Through the line that contains "p_def by simp", return the data below exactly, starting at its first line; leave the rest out.

### Dataset content

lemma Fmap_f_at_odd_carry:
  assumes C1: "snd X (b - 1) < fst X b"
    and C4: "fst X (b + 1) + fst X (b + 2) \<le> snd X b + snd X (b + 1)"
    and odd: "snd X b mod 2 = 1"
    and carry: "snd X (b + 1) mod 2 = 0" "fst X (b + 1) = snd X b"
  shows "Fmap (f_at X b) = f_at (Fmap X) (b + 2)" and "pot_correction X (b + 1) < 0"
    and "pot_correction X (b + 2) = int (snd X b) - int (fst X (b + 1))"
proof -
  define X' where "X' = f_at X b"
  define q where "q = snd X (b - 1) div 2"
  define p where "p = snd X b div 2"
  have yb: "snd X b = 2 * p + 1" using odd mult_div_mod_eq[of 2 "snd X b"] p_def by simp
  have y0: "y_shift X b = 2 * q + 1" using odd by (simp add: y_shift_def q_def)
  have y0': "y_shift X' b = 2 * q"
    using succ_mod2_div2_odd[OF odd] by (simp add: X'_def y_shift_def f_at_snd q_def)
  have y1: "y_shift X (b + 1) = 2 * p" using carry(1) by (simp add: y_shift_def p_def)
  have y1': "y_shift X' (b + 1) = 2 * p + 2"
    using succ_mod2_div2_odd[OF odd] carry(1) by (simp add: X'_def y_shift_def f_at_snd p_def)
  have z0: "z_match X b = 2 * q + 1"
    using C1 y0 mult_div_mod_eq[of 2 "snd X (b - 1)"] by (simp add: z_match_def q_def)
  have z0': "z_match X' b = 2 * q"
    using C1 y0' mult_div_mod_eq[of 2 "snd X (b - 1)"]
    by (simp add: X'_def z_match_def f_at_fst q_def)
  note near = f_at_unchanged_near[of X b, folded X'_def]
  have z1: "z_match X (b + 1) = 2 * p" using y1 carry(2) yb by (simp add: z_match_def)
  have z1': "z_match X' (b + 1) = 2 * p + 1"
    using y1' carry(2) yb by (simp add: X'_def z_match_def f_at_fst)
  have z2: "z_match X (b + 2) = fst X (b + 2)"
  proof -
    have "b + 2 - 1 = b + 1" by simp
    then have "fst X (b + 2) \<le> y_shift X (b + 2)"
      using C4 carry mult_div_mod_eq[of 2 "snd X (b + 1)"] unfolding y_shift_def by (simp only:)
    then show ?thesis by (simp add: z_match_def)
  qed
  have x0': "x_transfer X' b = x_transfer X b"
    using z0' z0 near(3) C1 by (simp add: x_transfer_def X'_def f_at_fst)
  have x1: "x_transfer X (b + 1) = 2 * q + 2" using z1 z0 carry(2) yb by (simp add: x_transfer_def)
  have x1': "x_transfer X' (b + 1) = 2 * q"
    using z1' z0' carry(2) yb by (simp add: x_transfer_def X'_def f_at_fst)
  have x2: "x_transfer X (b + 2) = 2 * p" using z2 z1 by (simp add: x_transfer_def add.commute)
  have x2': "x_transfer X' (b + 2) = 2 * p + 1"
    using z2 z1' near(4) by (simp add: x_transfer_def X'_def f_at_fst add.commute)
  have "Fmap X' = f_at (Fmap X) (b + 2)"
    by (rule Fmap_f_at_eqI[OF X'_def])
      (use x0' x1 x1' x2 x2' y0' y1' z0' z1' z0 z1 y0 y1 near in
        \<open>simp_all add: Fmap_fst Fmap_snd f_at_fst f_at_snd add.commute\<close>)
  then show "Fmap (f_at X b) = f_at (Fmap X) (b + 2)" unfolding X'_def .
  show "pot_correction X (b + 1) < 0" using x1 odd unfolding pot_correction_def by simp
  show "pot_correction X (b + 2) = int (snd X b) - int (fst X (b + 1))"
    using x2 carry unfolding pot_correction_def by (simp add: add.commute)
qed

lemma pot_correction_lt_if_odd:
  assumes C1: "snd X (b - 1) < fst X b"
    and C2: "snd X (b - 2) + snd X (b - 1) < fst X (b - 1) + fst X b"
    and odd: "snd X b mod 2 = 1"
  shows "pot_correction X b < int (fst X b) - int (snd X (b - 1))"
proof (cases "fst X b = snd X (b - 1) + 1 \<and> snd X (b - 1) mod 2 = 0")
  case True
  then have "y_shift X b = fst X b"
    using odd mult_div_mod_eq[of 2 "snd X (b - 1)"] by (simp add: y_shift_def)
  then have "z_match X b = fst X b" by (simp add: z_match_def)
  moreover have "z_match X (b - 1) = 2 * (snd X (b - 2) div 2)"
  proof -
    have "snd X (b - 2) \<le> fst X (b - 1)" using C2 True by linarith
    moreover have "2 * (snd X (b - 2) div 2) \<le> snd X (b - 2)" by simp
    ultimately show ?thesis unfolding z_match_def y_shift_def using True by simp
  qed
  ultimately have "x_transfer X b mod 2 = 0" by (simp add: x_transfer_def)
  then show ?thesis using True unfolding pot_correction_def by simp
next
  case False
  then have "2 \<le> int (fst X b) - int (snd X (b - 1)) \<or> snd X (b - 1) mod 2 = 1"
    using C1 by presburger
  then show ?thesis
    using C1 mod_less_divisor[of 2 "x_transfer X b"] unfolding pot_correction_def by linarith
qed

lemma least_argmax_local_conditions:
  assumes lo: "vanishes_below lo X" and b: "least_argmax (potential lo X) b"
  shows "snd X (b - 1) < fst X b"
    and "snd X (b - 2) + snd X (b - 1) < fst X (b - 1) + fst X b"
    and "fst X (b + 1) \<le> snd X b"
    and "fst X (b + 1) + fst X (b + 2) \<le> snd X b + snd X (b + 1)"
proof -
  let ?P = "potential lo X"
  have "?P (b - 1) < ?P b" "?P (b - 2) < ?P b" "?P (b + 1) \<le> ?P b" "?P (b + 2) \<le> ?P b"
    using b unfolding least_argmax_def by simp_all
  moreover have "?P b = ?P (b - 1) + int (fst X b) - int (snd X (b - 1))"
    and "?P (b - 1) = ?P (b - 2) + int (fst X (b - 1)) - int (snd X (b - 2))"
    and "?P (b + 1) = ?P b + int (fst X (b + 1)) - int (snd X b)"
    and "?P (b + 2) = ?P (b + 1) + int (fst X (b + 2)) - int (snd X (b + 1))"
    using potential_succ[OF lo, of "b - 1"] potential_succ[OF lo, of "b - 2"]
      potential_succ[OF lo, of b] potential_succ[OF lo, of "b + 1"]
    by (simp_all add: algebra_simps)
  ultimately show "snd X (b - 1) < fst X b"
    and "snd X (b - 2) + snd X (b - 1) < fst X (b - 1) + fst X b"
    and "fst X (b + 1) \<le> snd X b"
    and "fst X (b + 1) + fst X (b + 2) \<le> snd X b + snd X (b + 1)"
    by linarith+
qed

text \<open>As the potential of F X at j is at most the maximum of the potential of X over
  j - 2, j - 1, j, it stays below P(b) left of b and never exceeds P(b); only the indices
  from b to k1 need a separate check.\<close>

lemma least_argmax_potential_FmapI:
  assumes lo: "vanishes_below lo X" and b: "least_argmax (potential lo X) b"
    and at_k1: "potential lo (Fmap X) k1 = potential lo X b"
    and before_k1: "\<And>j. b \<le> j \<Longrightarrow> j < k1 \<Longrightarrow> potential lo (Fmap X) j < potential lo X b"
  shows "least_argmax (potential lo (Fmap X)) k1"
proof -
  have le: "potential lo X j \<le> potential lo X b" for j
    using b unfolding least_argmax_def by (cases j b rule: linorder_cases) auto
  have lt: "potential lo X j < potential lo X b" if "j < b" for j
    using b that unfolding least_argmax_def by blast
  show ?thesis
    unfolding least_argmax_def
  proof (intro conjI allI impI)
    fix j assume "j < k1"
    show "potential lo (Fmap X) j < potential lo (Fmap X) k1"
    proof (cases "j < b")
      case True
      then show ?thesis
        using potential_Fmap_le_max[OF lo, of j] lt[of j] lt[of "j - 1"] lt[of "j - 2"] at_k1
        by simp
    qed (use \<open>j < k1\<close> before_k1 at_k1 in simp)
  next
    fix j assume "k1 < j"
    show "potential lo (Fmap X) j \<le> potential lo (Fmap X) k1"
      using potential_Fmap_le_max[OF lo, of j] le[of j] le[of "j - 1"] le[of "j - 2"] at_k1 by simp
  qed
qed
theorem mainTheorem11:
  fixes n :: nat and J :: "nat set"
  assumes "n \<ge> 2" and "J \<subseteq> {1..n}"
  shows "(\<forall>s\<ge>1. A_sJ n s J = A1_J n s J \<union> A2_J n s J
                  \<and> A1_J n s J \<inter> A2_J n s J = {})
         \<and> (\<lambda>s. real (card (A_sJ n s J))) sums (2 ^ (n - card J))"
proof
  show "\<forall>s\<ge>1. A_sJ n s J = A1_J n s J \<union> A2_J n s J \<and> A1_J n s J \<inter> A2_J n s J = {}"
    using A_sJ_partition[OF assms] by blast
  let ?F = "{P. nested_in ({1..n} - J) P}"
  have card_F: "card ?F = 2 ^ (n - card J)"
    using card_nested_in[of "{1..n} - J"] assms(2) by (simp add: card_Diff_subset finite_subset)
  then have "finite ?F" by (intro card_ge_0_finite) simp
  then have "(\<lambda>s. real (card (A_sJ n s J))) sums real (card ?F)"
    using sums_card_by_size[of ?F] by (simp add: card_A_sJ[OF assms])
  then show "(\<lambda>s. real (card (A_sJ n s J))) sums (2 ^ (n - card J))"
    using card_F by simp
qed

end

######

▶ Solved problem
lemma Fmap_f_at_odd_carry:
  assumes C1: "snd X (b - 1) < fst X b"
    and C4: "fst X (b + 1) + fst X (b + 2) \<le> snd X b + snd X (b + 1)"
    and odd: "snd X b mod 2 = 1"
    and carry: "snd X (b + 1) mod 2 = 0" "fst X (b + 1) = snd X b"
  shows "Fmap (f_at X b) = f_at (Fmap X) (b + 2)" and "pot_correction X (b + 1) < 0"
    and "pot_correction X (b + 2) = int (snd X b) - int (fst X (b + 1))"
proof -
  define X' where "X' = f_at X b"
  define q where "q = snd X (b - 1) div 2"
  define p where "p = snd X b div 2"
  have yb: "snd X b = 2 * p + 1" using odd mult_div_mod_eq[of 2 "snd X b"] p_def by simp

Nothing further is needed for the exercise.